Meg Wolitzer also gives her three women modified stream-of-consciousness in Friends for Life, a group novel about “the overwhelming force that was MerLisAn.” Meredith, Lisa, and Ann have been friends since grade school. Now in their late 20s, they meet once a month to eat Chinese food and check on one another’s lives. When Ann becomes involved, painlessly, with another woman, for example, the experience won’t be real until Meredith and Lisa have heard. Otherwise it would be like a tree falling in the forest, she thinks.

And in a hilarious nod to one of the novel’s forebears, Meredith tries to understand Ann’s relationship by finding the Lakey passage at the end of The Group. “Studying Lakey with the customs man, they asked themselves, in silence, how long Lakey had been a Lesbian, whether the Baroness had made her one or she had started on her own. This led them to wonder whether she could possibly have been one at college — suppressed, of course.” Nothing in these women’s lives is safe from Meg Wolitzer’s sharp eye and ear. And since everything is fair game, the amused descriptions of lesbian clichés seem more for sport than to restore what Veronica Geng has called the myth of hetero-heroism.

Yet at the novel’s end, her girlfriend having left her, Ann suddenly needs wiggle room. Perhaps she’ll end up with a man, perhaps a woman. Friends for Life becomes a classic comedy, down to its final scene — Meredith’s wedding. The already-married Lisa is somewhat content, Meredith is the bride, and Ann is alone and unsexed. Is this a concession to the average reader? One can’t dictate that for every nine unhappy lesbian endings in straight works, one woman be allowed a modicum of contextual happiness, but the question is, who or what is dictating that fictional lesbians must end up unattached?

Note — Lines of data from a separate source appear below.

(* Suppose that $I$ is an ideal over an uncountable cardinal $\kappa$ such that $\mathcal{P}(\kappa)/I$ is complete. For any cardinal $\lambda$, if $I$ is not $\lambda$-saturated, then $2^\lambda\leq 2^\kappa$. In particular: (a) $I$ is $2^\kappa$-saturated; (b) if $2^\kappa<2^{\kappa^+}$, then $I$ is $\kappa^+$-saturated.
   Context: An ideal over $\kappa$ means a proper, $\kappa$-complete ideal on $\mathcal{P}(\kappa)$ containing all singletons. $\mathcal{P}(\kappa)/I$ is the quotient Boolean algebra of classes $[A]_I=\{B: A\triangle B\in I\}$. $I$ is $\lambda$-saturated if whenever $\{X_\alpha:\alpha<\lambda\}\subseteq\mathcal{P}(\kappa)\setminus I$ there are $\alpha<\beta<\lambda$ with $X_\alpha\cap X_\beta\notin I$. *)

theory Defs
  imports Main "HOL-Library.Countable_Set"
begin

text \<open>The cardinal kappa is represented by a set K (its cardinality is card_of K).
  An ideal over kappa: proper, kappa-complete ideal on Pow K containing all singletons.\<close>

definition ideal_over :: "'a set set \<Rightarrow> 'a set \<Rightarrow> bool" where
  "ideal_over I K \<longleftrightarrow>
     I \<subseteq> Pow K \<and>
     K \<notin> I \<and>
     (\<forall>A\<in>I. \<forall>B. B \<subseteq> A \<longrightarrow> B \<in> I) \<and>
     (\<forall>F. F \<subseteq> I \<and> (card_of F, card_of K) \<in> ordLess \<longrightarrow> \<Union>F \<in> I) \<and>
     (\<forall>x\<in>K. {x} \<in> I)"

text \<open>Order of the quotient algebra P(K)/I on representatives: [A] \<le> [B] iff A - B \<in> I.\<close>
definition quot_le :: "'a set set \<Rightarrow> 'a set \<Rightarrow> 'a set \<Rightarrow> bool" where
  "quot_le I A B \<longleftrightarrow> A - B \<in> I"

definition quotient_complete :: "'a set set \<Rightarrow> 'a set \<Rightarrow> bool" where
  "quotient_complete I K \<longleftrightarrow>
     (\<forall>\<A> \<subseteq> Pow K. \<exists>S \<subseteq> K.
        (\<forall>A\<in>\<A>. quot_le I A S) \<and>
        (\<forall>T \<subseteq> K. (\<forall>A\<in>\<A>. quot_le I A T) \<longrightarrow> quot_le I S T))"

text \<open>I is lambda-saturated, lambda represented by an index set L: every L-indexed family of
  I-positive sets contains two distinct members with I-positive intersection.\<close>
definition saturated :: "'a set set \<Rightarrow> 'a set \<Rightarrow> 'b set \<Rightarrow> bool" where
  "saturated I K L \<longleftrightarrow>
     (\<forall>X. (\<forall>\<alpha>\<in>L. X \<alpha> \<subseteq> K \<and> X \<alpha> \<notin> I) \<longrightarrow>
          (\<exists>\<alpha>\<in>L. \<exists>\<beta>\<in>L. \<alpha> \<noteq> \<beta> \<and> X \<alpha> \<inter> X \<beta> \<notin> I))"

end

theory Submission
  imports Defs
begin

text \<open>Let \<open>X\<close> witness that \<open>I\<close> is not \<open>\<lambda>\<close>-saturated, i.e. \<open>X\<close> is an antichain of \<open>I\<close>-positive
  sets indexed by \<open>\<lambda>\<close>. Send \<open>S \<subseteq> \<lambda>\<close> to the supremum of \<open>{[X \<alpha>] : \<alpha> \<in> S}\<close> in the complete
  algebra \<open>P(\<kappa>)/I\<close>. If \<open>\<alpha> \<notin> S\<close> this supremum is disjoint from \<open>[X \<alpha>]\<close>, while for \<open>\<alpha> \<in> S\<close> it
  lies above the nonzero \<open>[X \<alpha>]\<close>; so the map is injective and \<open>2\<^sup>\<lambda> \<le> 2\<^sup>\<kappa>\<close>. Cantor's theorem then
  gives the two corollaries.\<close>

lemma ideal_over_subset: "ideal_over I K \<Longrightarrow> A \<in> I \<Longrightarrow> B \<subseteq> A \<Longrightarrow> B \<in> I"
  unfolding ideal_over_def by blast

lemma ideal_over_Union:
  "ideal_over I K \<Longrightarrow> F \<subseteq> I \<Longrightarrow> (card_of F, card_of K) \<in> ordLess \<Longrightarrow> \<Union>F \<in> I"
  by (simp add: ideal_over_def)

lemma ideal_over_Un:
  assumes "ideal_over I K" "infinite K" "A \<in> I" "B \<in> I"
  shows "A \<union> B \<in> I"
proof -
  have "(card_of {A, B}, card_of K) \<in> ordLess"
    using \<open>infinite K\<close>
    by (intro finite_ordLess_infinite[OF card_of_Well_order card_of_Well_order])
      (simp_all add: Field_card_of)
  then have "\<Union>{A, B} \<in> I"
    using assms by (intro ideal_over_Union) auto
  then show ?thesis by simp
qed

definition quot_lub :: "'a set set \<Rightarrow> 'a set \<Rightarrow> 'a set set \<Rightarrow> 'a set \<Rightarrow> bool" where
  "quot_lub I K \<A> S \<longleftrightarrow>
     S \<subseteq> K \<and> (\<forall>A\<in>\<A>. quot_le I A S) \<and> (\<forall>T \<subseteq> K. (\<forall>A\<in>\<A>. quot_le I A T) \<longrightarrow> quot_le I S T)"

lemma quotient_complete_iff_quot_lub:
  "quotient_complete I K \<longleftrightarrow> (\<forall>\<A> \<subseteq> Pow K. \<exists>S. quot_lub I K \<A> S)"
  unfolding quotient_complete_def quot_lub_def by blast

text \<open>If \<open>[B]\<close> is disjoint from every member of \<open>\<A>\<close>, then \<open>S - B\<close> is still an upper bound of \<open>\<A>\<close>.\<close>

lemma quot_lub_Int_in_ideal:
  assumes I: "ideal_over I K" "infinite K"
    and lub: "quot_lub I K \<A> S"
    and disj: "\<And>A. A \<in> \<A> \<Longrightarrow> A \<inter> B \<in> I"
  shows "S \<inter> B \<in> I"
proof -
  have upper: "A - S \<in> I" if "A \<in> \<A>" for A
    using lub that unfolding quot_lub_def quot_le_def by blast
  have least: "S - T \<in> I" if "T \<subseteq> K" "\<And>A. A \<in> \<A> \<Longrightarrow> A - T \<in> I" for T
    using lub that unfolding quot_lub_def quot_le_def by blast
  have "A - (S - B) \<in> I" if "A \<in> \<A>" for A
  proof -
    have "(A - S) \<union> (A \<inter> B) \<in> I"
      using ideal_over_Un[OF I upper[OF that] disj[OF that]] .
    then show ?thesis
      by (rule ideal_over_subset[OF I(1)]) blast
  qed
  moreover have "S - B \<subseteq> K"
    using lub unfolding quot_lub_def by blast
  ultimately have "S - (S - B) \<in> I"
    using least by blast
  then show ?thesis
    by (simp add: Diff_Diff_Int)
qed

definition ideal_antichain :: "'a set set \<Rightarrow> 'a set \<Rightarrow> 'b set \<Rightarrow> ('b \<Rightarrow> 'a set) \<Rightarrow> bool" where
  "ideal_antichain I K L X \<longleftrightarrow>
     (\<forall>\<alpha>\<in>L. X \<alpha> \<subseteq> K \<and> X \<alpha> \<notin> I) \<and> (\<forall>\<alpha>\<in>L. \<forall>\<beta>\<in>L. \<alpha> \<noteq> \<beta> \<longrightarrow> X \<alpha> \<inter> X \<beta> \<in> I)"

lemma not_saturated_iff_ideal_antichain:
  "\<not> saturated I K L \<longleftrightarrow> (\<exists>X. ideal_antichain I K L X)"
  unfolding saturated_def ideal_antichain_def by blast

lemma ideal_antichain_quot_lub_inj:
  assumes I: "ideal_over I K" "infinite K"
    and X: "ideal_antichain I K L X"
    and lub: "\<And>S. S \<subseteq> L \<Longrightarrow> quot_lub I K (X ` S) (\<sigma> S)"
  shows "inj_on \<sigma> (Pow L)"
proof -
  have neq: "\<sigma> S \<noteq> \<sigma> S'" if "S \<subseteq> L" "S' \<subseteq> L" "\<alpha> \<in> S" "\<alpha> \<notin> S'" for S S' \<alpha>
  proof
    assume eq: "\<sigma> S = \<sigma> S'"
    have "X \<alpha> - \<sigma> S \<in> I"
      using lub[OF \<open>S \<subseteq> L\<close>] \<open>\<alpha> \<in> S\<close> unfolding quot_lub_def quot_le_def by blast
    moreover have "A \<inter> X \<alpha> \<in> I" if "A \<in> X ` S'" for A
    proof -
      obtain \<beta> where "\<beta> \<in> S'" "A = X \<beta>"
        using \<open>A \<in> X ` S'\<close> by blast
      moreover have "\<beta> \<noteq> \<alpha>" "\<beta> \<in> L" "\<alpha> \<in> L"
        using \<open>\<beta> \<in> S'\<close> \<open>S' \<subseteq> L\<close> \<open>S \<subseteq> L\<close> \<open>\<alpha> \<in> S\<close> \<open>\<alpha> \<notin> S'\<close> by auto
      ultimately show ?thesis
        using X unfolding ideal_antichain_def by simp
    qed
    then have "\<sigma> S' \<inter> X \<alpha> \<in> I"
      by (rule quot_lub_Int_in_ideal[OF I lub[OF \<open>S' \<subseteq> L\<close>]])
    ultimately have "(X \<alpha> - \<sigma> S) \<union> (\<sigma> S' \<inter> X \<alpha>) \<in> I"
      by (rule ideal_over_Un[OF I])
    moreover have "X \<alpha> \<subseteq> (X \<alpha> - \<sigma> S) \<union> (\<sigma> S' \<inter> X \<alpha>)"
      unfolding eq by blast
    ultimately have "X \<alpha> \<in> I"
      by (rule ideal_over_subset[OF I(1)])
    moreover have "X \<alpha> \<notin> I"
      using X \<open>S \<subseteq> L\<close> \<open>\<alpha> \<in> S\<close> unfolding ideal_antichain_def by blast
    ultimately show False
      by contradiction
  qed
  show ?thesis
  proof (rule inj_onI, rule ccontr)
    fix S S' assume "S \<in> Pow L" "S' \<in> Pow L" "\<sigma> S = \<sigma> S'" "S \<noteq> S'"
    then consider \<alpha> where "\<alpha> \<in> S" "\<alpha> \<notin> S'" | \<alpha> where "\<alpha> \<in> S'" "\<alpha> \<notin> S"
      by blast
    then show False
      using neq \<open>S \<in> Pow L\<close> \<open>S' \<in> Pow L\<close> \<open>\<sigma> S = \<sigma> S'\<close> by cases (metis PowD)+
  qed
qed

lemma not_saturated_card_of_Pow_ordLeq:
  fixes I :: "'a set set" and K :: "'a set" and L :: "'b set"
  assumes I: "ideal_over I K" "infinite K"
    and complete: "quotient_complete I K"
    and "\<not> saturated I K L"
  shows "(card_of (Pow L), card_of (Pow K)) \<in> ordLeq"
proof -
  obtain X where X: "ideal_antichain I K L X"
    using \<open>\<not> saturated I K L\<close> not_saturated_iff_ideal_antichain by blast
  define \<sigma> where "\<sigma> S = (SOME T. quot_lub I K (X ` S) T)" for S
  have lub: "quot_lub I K (X ` S) (\<sigma> S)" if "S \<subseteq> L" for S
  proof -
    have "X ` S \<subseteq> Pow K"
      using X that unfolding ideal_antichain_def by blast
    then show ?thesis
      using complete unfolding quotient_complete_iff_quot_lub \<sigma>_def by (meson someI)
  qed
  have "inj_on \<sigma> (Pow L)"
    by (rule ideal_antichain_quot_lub_inj[OF I X lub])
  moreover have "\<sigma> ` Pow L \<subseteq> Pow K"
    using lub unfolding quot_lub_def by blast
  ultimately show ?thesis
    using card_of_ordLeq by blast
qed

theorem lemma1p1:
  fixes I :: "'a set set" and K :: "'a set"
  assumes "\<not> countable K"
    and "ideal_over I K"
    and "quotient_complete I K"
  shows "(\<forall>L :: 'b set. \<not> saturated I K L \<longrightarrow> (card_of (Pow L), card_of (Pow K)) \<in> ordLeq)
         \<and> saturated I K (Pow K)
         \<and> ( (card_of (Pow K), card_of (Pow (Field (cardSuc (card_of K))))) \<in> ordLess \<longrightarrow> saturated I K (Field (cardSuc (card_of K))))"
proof -
  have "infinite K"
    using \<open>\<not> countable K\<close> countable_finite by blast
  then have bound: "(card_of (Pow L), card_of (Pow K)) \<in> ordLeq" if "\<not> saturated I K L"
    for L :: "'c set"
    using not_saturated_card_of_Pow_ordLeq assms(2,3) that by blast
  have "saturated I K (Pow K)"
    using bound[of "Pow K"] card_of_Pow[of "Pow K"] not_ordLess_ordLeq by blast
  moreover have "saturated I K (Field (cardSuc (card_of K)))"
    if "(card_of (Pow K), card_of (Pow (Field (cardSuc (card_of K))))) \<in> ordLess"
    using bound that not_ordLess_ordLeq by blast
  ultimately show ?thesis
    using bound by blast
qed

end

In Wolitzer’s novel there’s only good sport, not moral horror, to be found in Ann’s relationship with a woman. It and her sudden activism are just as amusing as her friends’ bemused reactions — and, for that matter, their own personal flailings about. The lesbian reader should be grateful for the demonstrations of how ridiculous heterosexuals are about same-sexers as well as thankful for its signs of lesbian silliness. Arriving at a point where gentle parody is possible would seem an advance. But the straight reader has the lasting heterotextual consolation.

Meg Wolitzer, who is married and has a son, once wrote a quiet novel about two lesbians raising a child in the suburbs. Hidden Pictures was never reprinted in paperback and I doubt that there are plans for a film version. Friends for Life, on the other hand, is slated to be filmed next year. My pessimistic wager is that Ann will not be much of a “queer poster” presence in the screen version, but I hope I’m wrong.

Seeing lesbians in films and books, and (even more rarely) on television shouldn’t be that stressful an activity. As the British writer Rose Collis points out: “Some enchanted evening, you may see a stranger and think: ‘That’s a dyke.’ Then you blink and she’s gone. This is the case as far as mainstream television dramas are concerned, anyway.” Yet people read works in translation that are set in foreign countries and expect to pick up the codes. And then there’s science fiction. In life, lesbians are not representations, and they shouldn’t be in literature. If authors are talented enough to create a range of lesbian characters — and brave enough not feel required to rehabilitate or kill them — that might disprove the stereotypes. (Of course, that means publishing will have to get over a good deal of pudeur.) More importantly, doing so will expand the pleasures of the text. Future readers really shouldn’t have to try to locate themselves in the literature of the abnormal and the furtive. To paraphrase Alastair MacLeish, a lesbian must not mean, but be.